Items from a data source:

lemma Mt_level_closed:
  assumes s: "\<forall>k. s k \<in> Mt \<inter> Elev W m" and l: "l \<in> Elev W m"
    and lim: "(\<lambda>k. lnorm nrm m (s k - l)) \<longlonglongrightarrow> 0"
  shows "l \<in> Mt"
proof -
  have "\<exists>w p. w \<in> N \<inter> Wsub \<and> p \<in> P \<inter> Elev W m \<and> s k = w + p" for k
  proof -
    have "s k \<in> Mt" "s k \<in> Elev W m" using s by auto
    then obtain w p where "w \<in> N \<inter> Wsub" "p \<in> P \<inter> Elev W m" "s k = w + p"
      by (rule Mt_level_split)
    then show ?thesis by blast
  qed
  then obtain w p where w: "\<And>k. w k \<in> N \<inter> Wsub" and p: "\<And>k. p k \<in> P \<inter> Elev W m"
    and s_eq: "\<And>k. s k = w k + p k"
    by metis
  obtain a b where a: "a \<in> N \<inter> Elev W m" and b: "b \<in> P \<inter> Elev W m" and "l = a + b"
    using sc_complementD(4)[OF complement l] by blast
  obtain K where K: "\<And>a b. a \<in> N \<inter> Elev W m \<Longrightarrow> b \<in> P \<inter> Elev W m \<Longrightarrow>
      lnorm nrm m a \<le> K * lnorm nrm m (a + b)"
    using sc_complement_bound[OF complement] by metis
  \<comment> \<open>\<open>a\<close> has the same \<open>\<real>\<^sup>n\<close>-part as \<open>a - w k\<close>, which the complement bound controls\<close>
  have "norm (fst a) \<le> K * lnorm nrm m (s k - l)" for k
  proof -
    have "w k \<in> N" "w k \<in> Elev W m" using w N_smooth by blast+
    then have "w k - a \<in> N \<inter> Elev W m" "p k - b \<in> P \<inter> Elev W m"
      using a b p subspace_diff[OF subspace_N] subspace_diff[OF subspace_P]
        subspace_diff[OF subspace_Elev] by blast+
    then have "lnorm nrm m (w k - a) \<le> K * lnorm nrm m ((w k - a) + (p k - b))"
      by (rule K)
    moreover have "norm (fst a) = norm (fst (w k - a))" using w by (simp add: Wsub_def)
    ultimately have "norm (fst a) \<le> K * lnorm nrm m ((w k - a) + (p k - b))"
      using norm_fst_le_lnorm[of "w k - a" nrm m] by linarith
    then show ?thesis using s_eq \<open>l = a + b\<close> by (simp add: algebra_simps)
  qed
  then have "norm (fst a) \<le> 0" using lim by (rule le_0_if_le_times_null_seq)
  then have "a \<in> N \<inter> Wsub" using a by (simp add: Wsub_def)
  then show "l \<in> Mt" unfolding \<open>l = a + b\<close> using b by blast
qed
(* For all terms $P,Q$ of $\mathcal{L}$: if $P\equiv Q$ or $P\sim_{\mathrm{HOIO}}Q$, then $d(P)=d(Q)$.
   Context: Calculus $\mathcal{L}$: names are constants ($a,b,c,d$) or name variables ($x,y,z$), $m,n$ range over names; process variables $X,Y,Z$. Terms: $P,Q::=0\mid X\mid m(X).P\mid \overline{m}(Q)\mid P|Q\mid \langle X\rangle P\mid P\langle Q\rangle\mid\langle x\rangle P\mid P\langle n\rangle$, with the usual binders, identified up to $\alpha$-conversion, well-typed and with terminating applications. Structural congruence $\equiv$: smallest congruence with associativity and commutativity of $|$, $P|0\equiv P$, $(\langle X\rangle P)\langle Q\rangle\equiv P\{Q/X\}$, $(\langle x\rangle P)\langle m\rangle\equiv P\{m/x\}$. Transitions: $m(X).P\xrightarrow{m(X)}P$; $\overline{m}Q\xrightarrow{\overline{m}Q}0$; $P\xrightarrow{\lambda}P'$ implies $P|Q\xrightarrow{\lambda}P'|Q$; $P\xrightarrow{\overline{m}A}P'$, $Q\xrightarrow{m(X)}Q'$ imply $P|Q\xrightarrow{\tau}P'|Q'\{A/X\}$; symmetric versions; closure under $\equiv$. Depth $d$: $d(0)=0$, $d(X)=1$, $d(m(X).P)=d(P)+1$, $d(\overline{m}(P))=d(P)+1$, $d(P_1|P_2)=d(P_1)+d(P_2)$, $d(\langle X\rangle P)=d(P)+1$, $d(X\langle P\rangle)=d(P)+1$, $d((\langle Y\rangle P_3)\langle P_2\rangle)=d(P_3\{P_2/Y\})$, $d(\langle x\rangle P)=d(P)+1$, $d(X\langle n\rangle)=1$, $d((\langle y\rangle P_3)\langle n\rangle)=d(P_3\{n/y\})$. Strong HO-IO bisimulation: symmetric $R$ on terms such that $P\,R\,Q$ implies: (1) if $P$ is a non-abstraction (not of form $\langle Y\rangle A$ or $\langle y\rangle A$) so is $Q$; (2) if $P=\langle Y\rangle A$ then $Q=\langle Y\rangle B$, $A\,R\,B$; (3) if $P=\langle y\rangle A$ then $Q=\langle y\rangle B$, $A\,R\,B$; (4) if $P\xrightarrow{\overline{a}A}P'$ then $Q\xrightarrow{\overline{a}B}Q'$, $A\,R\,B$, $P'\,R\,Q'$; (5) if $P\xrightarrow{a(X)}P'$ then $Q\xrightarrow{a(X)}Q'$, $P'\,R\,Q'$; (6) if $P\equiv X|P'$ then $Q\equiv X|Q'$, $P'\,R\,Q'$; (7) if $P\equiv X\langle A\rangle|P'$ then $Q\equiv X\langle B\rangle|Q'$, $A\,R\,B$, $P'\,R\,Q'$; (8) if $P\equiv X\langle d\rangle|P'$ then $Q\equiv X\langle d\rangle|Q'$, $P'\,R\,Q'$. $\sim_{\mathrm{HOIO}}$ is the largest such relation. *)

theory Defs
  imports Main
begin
--
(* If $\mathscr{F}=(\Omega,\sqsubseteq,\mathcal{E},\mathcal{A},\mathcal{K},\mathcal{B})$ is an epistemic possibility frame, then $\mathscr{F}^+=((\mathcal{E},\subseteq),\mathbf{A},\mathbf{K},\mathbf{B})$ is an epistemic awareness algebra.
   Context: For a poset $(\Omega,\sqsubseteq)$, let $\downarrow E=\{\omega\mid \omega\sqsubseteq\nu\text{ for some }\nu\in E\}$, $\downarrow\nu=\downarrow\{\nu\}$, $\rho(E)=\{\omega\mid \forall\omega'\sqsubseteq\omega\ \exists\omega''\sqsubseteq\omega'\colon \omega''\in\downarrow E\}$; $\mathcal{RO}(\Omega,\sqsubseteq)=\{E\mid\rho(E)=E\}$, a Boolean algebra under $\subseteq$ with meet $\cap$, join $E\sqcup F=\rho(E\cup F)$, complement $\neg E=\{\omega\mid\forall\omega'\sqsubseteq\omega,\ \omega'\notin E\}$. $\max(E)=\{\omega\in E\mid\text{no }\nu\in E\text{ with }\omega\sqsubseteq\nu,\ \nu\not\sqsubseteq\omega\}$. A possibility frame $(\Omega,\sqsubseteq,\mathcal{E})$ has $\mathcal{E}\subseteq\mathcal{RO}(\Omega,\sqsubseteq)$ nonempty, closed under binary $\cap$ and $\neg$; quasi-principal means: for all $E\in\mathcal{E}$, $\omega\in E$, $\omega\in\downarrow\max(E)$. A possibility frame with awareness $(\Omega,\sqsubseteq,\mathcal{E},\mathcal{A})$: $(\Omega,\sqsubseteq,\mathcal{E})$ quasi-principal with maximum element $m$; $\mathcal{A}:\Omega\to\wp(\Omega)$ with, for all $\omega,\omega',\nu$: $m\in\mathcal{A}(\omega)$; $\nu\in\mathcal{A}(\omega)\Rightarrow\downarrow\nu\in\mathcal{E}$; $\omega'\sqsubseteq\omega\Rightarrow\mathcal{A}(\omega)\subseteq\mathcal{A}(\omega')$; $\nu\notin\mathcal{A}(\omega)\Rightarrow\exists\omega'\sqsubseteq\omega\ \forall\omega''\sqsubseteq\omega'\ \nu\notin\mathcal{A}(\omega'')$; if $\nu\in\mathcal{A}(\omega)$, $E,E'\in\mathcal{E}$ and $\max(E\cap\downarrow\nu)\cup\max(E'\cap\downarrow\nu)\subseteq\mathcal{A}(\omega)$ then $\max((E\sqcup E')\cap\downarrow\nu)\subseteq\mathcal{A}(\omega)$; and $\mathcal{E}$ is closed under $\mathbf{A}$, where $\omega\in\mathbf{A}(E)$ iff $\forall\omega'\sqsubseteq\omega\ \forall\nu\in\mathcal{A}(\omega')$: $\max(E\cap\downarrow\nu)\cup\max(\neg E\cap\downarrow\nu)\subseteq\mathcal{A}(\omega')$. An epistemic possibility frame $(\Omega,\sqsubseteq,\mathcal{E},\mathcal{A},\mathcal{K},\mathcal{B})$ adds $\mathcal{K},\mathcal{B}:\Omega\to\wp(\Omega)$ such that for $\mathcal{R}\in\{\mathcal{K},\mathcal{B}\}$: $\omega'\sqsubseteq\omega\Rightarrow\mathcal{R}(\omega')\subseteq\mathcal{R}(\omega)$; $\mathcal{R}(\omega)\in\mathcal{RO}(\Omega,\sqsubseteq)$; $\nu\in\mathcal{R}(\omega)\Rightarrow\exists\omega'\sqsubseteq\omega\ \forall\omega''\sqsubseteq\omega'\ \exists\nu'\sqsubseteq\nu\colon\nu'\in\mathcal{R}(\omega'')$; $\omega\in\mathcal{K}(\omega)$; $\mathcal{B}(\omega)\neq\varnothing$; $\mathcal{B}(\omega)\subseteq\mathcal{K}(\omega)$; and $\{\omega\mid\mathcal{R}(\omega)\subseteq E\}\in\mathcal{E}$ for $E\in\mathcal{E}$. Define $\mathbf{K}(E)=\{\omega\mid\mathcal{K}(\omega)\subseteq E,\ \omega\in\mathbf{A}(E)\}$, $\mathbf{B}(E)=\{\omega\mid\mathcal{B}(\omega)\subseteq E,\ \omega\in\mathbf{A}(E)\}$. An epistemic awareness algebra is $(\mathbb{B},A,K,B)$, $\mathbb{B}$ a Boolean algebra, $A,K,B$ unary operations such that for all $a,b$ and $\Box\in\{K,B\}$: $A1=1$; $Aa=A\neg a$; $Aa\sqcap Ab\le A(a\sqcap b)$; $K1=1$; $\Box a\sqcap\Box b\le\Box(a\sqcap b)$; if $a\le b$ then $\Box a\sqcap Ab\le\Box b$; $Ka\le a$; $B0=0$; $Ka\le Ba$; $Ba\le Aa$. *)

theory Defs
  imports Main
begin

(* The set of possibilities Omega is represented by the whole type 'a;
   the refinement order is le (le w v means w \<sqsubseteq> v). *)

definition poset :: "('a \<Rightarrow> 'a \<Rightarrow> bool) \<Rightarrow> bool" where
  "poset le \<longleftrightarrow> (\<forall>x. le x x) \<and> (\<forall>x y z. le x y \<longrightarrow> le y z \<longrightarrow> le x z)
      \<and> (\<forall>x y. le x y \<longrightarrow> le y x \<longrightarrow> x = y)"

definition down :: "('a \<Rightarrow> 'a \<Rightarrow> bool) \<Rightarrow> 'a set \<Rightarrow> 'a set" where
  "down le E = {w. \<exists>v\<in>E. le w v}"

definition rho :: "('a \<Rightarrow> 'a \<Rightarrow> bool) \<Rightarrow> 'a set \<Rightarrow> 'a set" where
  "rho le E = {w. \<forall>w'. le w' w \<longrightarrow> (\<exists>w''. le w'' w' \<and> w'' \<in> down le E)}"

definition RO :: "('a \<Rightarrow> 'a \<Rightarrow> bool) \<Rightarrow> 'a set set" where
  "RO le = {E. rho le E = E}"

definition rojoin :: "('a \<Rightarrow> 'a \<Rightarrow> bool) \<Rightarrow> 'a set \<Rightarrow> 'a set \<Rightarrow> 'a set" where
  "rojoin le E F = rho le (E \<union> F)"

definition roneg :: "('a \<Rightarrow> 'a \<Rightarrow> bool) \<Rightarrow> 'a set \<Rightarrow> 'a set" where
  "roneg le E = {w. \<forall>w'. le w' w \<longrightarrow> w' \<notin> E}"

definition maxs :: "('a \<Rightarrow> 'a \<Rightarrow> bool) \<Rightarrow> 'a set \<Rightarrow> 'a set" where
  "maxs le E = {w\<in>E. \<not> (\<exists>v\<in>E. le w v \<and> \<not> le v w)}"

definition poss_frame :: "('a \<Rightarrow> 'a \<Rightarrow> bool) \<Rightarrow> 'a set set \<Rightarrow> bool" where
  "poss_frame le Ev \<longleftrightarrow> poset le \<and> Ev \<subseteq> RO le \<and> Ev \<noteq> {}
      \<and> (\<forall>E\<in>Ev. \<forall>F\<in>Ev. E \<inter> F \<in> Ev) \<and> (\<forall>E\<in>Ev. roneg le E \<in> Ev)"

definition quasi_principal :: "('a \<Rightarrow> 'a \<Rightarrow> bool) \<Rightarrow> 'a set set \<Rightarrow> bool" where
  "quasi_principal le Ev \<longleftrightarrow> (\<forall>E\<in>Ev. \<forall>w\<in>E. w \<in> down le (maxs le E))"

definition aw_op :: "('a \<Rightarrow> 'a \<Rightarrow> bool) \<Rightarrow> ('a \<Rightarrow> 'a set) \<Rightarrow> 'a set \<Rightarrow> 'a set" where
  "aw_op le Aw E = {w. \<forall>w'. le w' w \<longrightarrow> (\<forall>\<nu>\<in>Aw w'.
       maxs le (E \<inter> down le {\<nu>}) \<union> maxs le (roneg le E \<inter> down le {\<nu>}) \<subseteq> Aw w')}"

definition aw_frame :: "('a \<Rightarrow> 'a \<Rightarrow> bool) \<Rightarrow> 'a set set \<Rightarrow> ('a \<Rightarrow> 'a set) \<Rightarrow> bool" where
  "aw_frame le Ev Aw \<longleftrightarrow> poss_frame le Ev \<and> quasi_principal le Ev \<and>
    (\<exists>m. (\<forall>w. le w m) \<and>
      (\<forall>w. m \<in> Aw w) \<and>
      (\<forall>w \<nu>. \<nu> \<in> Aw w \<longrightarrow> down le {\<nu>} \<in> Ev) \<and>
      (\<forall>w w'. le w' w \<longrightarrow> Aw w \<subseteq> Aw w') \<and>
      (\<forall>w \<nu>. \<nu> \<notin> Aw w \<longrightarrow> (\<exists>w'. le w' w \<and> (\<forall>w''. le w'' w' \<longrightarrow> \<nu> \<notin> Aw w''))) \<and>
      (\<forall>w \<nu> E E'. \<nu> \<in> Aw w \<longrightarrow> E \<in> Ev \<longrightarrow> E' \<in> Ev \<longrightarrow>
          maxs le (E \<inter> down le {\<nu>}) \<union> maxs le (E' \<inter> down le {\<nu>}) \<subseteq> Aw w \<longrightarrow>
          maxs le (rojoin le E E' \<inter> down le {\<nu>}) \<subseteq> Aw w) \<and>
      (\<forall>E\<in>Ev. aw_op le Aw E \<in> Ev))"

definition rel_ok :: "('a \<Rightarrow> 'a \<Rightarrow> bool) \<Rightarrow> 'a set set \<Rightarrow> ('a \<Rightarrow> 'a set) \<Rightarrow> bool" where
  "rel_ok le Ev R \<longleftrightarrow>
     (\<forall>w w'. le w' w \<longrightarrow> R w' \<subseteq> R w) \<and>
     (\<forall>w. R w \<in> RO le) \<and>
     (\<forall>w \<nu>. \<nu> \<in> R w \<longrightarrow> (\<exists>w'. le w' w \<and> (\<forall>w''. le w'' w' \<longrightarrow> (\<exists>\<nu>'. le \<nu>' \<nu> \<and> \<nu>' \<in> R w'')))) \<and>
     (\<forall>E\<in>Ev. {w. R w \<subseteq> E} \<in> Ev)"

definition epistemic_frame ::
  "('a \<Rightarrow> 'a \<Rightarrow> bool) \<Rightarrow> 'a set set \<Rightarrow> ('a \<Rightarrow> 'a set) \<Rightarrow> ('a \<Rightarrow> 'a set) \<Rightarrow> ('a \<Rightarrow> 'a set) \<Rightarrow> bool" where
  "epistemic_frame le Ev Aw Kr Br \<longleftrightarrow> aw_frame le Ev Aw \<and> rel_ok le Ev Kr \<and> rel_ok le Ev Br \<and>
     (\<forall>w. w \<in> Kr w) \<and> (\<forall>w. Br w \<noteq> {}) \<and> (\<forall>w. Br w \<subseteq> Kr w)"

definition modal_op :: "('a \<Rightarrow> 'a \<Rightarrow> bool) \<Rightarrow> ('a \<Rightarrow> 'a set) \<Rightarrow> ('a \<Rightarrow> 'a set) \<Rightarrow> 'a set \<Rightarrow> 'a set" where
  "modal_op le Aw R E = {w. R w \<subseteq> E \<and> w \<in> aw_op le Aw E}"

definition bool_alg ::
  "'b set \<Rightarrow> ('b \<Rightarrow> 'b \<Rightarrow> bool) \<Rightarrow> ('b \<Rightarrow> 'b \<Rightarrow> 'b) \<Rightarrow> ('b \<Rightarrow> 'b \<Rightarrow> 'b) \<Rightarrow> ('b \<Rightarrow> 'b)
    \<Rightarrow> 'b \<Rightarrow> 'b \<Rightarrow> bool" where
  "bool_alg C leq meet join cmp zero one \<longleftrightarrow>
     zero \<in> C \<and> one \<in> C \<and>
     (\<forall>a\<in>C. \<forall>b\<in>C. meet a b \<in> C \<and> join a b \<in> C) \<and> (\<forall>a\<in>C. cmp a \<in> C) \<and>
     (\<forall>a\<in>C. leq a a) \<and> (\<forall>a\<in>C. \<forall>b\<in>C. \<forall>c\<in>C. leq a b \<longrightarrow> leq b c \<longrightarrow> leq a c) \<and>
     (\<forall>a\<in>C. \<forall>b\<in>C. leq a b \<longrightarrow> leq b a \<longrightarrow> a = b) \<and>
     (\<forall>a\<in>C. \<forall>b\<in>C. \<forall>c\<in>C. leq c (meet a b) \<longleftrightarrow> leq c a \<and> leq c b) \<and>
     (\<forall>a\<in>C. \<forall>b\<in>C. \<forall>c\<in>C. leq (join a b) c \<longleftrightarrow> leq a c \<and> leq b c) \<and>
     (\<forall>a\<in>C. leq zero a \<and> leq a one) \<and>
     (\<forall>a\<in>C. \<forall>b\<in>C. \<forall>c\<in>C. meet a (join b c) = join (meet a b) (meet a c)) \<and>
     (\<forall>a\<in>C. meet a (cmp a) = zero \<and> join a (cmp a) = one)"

Aim of the exercise: The lines above from the one with "(\<forall>w. R w \<in> RO le) \<and>" through the one with "(\<forall>a\<in>C. leq a" are to be duplicated exactly, ends included, with nothing added.

Solution:
     (\<forall>w. R w \<in> RO le) \<and>
     (\<forall>w \<nu>. \<nu> \<in> R w \<longrightarrow> (\<exists>w'. le w' w \<and> (\<forall>w''. le w'' w' \<longrightarrow> (\<exists>\<nu>'. le \<nu>' \<nu> \<and> \<nu>' \<in> R w'')))) \<and>
     (\<forall>E\<in>Ev. {w. R w \<subseteq> E} \<in> Ev)"

definition epistemic_frame ::
  "('a \<Rightarrow> 'a \<Rightarrow> bool) \<Rightarrow> 'a set set \<Rightarrow> ('a \<Rightarrow> 'a set) \<Rightarrow> ('a \<Rightarrow> 'a set) \<Rightarrow> ('a \<Rightarrow> 'a set) \<Rightarrow> bool" where
  "epistemic_frame le Ev Aw Kr Br \<longleftrightarrow> aw_frame le Ev Aw \<and> rel_ok le Ev Kr \<and> rel_ok le Ev Br \<and>
     (\<forall>w. w \<in> Kr w) \<and> (\<forall>w. Br w \<noteq> {}) \<and> (\<forall>w. Br w \<subseteq> Kr w)"

definition modal_op :: "('a \<Rightarrow> 'a \<Rightarrow> bool) \<Rightarrow> ('a \<Rightarrow> 'a set) \<Rightarrow> ('a \<Rightarrow> 'a set) \<Rightarrow> 'a set \<Rightarrow> 'a set" where
  "modal_op le Aw R E = {w. R w \<subseteq> E \<and> w \<in> aw_op le Aw E}"

definition bool_alg ::
  "'b set \<Rightarrow> ('b \<Rightarrow> 'b \<Rightarrow> bool) \<Rightarrow> ('b \<Rightarrow> 'b \<Rightarrow> 'b) \<Rightarrow> ('b \<Rightarrow> 'b \<Rightarrow> 'b) \<Rightarrow> ('b \<Rightarrow> 'b)
    \<Rightarrow> 'b \<Rightarrow> 'b \<Rightarrow> bool" where
  "bool_alg C leq meet join cmp zero one \<longleftrightarrow>
     zero \<in> C \<and> one \<in> C \<and>
     (\<forall>a\<in>C. \<forall>b\<in>C. meet a b \<in> C \<and> join a b \<in> C) \<and> (\<forall>a\<in>C. cmp a \<in> C) \<and>
     (\<forall>a\<in>C. leq a a) \<and> (\<forall>a\<in>C. \<forall>b\<in>C. \<forall>c\<in>C. leq a b \<longrightarrow> leq b c \<longrightarrow> leq a c) \<and>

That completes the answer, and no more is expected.